Once you find the line with "using set_integrable_Icc_if_square_integrable[OF wm" in the data that follows, repeat it and every line after it exactly, through the line with "using MVT2[of x".
= Beginning of Section =
lemma H2_triple_derivative_oscillation:
  assumes H: "H2_triple u v w" and "x \<le> y" "y - x \<le> 1"
  shows "\<bar>v y - v x\<bar> \<le> sqrt (LINT t|lborel. (w t)\<^sup>2)"
proof (rule le_sqrt_if_AM_GM_bounds)
  let ?J = "LINT t|lborel. (w t)\<^sup>2"
  have wm: "w \<in> borel_measurable lborel" and wi: "integrable lborel (\<lambda>x. (w x)\<^sup>2)"
    using H unfolding H2_triple_def by blast+
  show "0 \<le> ?J" by simp
  fix e :: real assume e: "e > 0"
  have "integrable lborel (\<lambda>t. indicat_real {x..y} t * w t)"
    using set_integrable_Icc_if_square_integrable[OF wm wi, of x y] unfolding set_integrable_def by simp
  moreover have "\<bar>w t\<bar> \<le> e / 2 + (w t)\<^sup>2 / (2 * e)" for t
  proof -
    have "2 * e * \<bar>w t\<bar> \<le> e\<^sup>2 + (w t)\<^sup>2"
      using zero_le_power2[of "e - \<bar>w t\<bar>"] unfolding power2_diff power2_abs by simp
    then show ?thesis using e by (simp add: field_simps power2_eq_square)
  qed
  moreover have "integrable lborel (indicat_real {x..y})"
    by (simp add: integrable_indicator_iff emeasure_lborel_Icc_eq)
  moreover have "\<bar>indicat_real {x..y} t * w t\<bar> \<le> indicat_real {x..y} t * (e / 2) + (w t)\<^sup>2 / (2 * e)"
    if "\<bar>w t\<bar> \<le> e / 2 + (w t)\<^sup>2 / (2 * e)" for t
    using that e by (auto simp: indicator_def)
  ultimately have "\<bar>v y - v x\<bar> \<le> (LINT t|lborel. indicat_real {x..y} t * (e / 2) + (w t)\<^sup>2 / (2 * e))"
    unfolding H2_triple_derivative_diff[OF H \<open>x \<le> y\<close>]
    by (intro integral_abs_bound_integral Bochner_Integration.integrable_add integrable_divide wi
          integrable_mult_left) auto
  also have "\<dots> = (y - x) * (e / 2) + ?J / (2 * e)"
    using \<open>x \<le> y\<close> wi by (simp add: integrable_indicator_iff emeasure_lborel_Icc_eq)
  also have "\<dots> \<le> e / 2 + ?J / (2 * e)"
    using assms e by simp
  finally show "\<bar>v y - v x\<bar> \<le> e / 2 + ?J / (2 * e)" .
qed

lemma H2_triple_taylor_bound:
  assumes H: "H2_triple u v w" and "0 \<le> t" "t \<le> 1"
  shows "\<bar>u (x + t) - u x - t * v x\<bar> \<le> t * sqrt (LINT t|lborel. (w t)\<^sup>2)"
proof (cases "t = 0")
  case False
  then have "t > 0" using assms by simp
  moreover have "\<And>z. DERIV u z :> v z" using H unfolding H2_triple_def by blast
  ultimately obtain z where z: "x < z" "z < x + t" "u (x + t) - u x = t * v z"
    using MVT2[of x "x + t" u v] by auto
  then have "\<bar>v z - v x\<bar> \<le> sqrt (LINT t|lborel. (w t)\<^sup>2)"
    using H2_triple_derivative_oscillation[OF H] assms by simp
  then show ?thesis
    using z(3) \<open>t > 0\<close> by (simp add: abs_mult right_diff_distrib[symmetric])
qed simp

lemma square_le_three_sum_squares:
  fixes A a b c :: real
  assumes "\<bar>A\<bar> \<le> a + b + c" "0 \<le> a" "0 \<le> b" "0 \<le> c"
  shows "A\<^sup>2 \<le> 3 * (a\<^sup>2 + b\<^sup>2 + c\<^sup>2)"
proof -
  have "A\<^sup>2 \<le> (a + b + c)\<^sup>2"
    using assms by (metis abs_ge_zero power2_abs power_mono)
  also have "\<dots> \<le> 3 * (a\<^sup>2 + b\<^sup>2 + c\<^sup>2)"
    using sum_squares_ge_zero[of "a - b" "b - c"]
    by (smt (verit) power2_diff power2_sum zero_le_power2 mult_2)
  finally show ?thesis .
qed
= End of Section =
▸ **RESPONSE TO THE EXERCISE**
    using set_integrable_Icc_if_square_integrable[OF wm wi, of x y] unfolding set_integrable_def by simp
  moreover have "\<bar>w t\<bar> \<le> e / 2 + (w t)\<^sup>2 / (2 * e)" for t
  proof -
    have "2 * e * \<bar>w t\<bar> \<le> e\<^sup>2 + (w t)\<^sup>2"
      using zero_le_power2[of "e - \<bar>w t\<bar>"] unfolding power2_diff power2_abs by simp
    then show ?thesis using e by (simp add: field_simps power2_eq_square)
  qed
  moreover have "integrable lborel (indicat_real {x..y})"
    by (simp add: integrable_indicator_iff emeasure_lborel_Icc_eq)
  moreover have "\<bar>indicat_real {x..y} t * w t\<bar> \<le> indicat_real {x..y} t * (e / 2) + (w t)\<^sup>2 / (2 * e)"
    if "\<bar>w t\<bar> \<le> e / 2 + (w t)\<^sup>2 / (2 * e)" for t
    using that e by (auto simp: indicator_def)
  ultimately have "\<bar>v y - v x\<bar> \<le> (LINT t|lborel. indicat_real {x..y} t * (e / 2) + (w t)\<^sup>2 / (2 * e))"
    unfolding H2_triple_derivative_diff[OF H \<open>x \<le> y\<close>]
    by (intro integral_abs_bound_integral Bochner_Integration.integrable_add integrable_divide wi
          integrable_mult_left) auto
  also have "\<dots> = (y - x) * (e / 2) + ?J / (2 * e)"
    using \<open>x \<le> y\<close> wi by (simp add: integrable_indicator_iff emeasure_lborel_Icc_eq)
  also have "\<dots> \<le> e / 2 + ?J / (2 * e)"
    using assms e by simp
  finally show "\<bar>v y - v x\<bar> \<le> e / 2 + ?J / (2 * e)" .
qed

lemma H2_triple_taylor_bound:
  assumes H: "H2_triple u v w" and "0 \<le> t" "t \<le> 1"
  shows "\<bar>u (x + t) - u x - t * v x\<bar> \<le> t * sqrt (LINT t|lborel. (w t)\<^sup>2)"
proof (cases "t = 0")
  case False
  then have "t > 0" using assms by simp
  moreover have "\<And>z. DERIV u z :> v z" using H unfolding H2_triple_def by blast
  ultimately obtain z where z: "x < z" "z < x + t" "u (x + t) - u x = t * v z"
    using MVT2[of x "x + t" u v] by auto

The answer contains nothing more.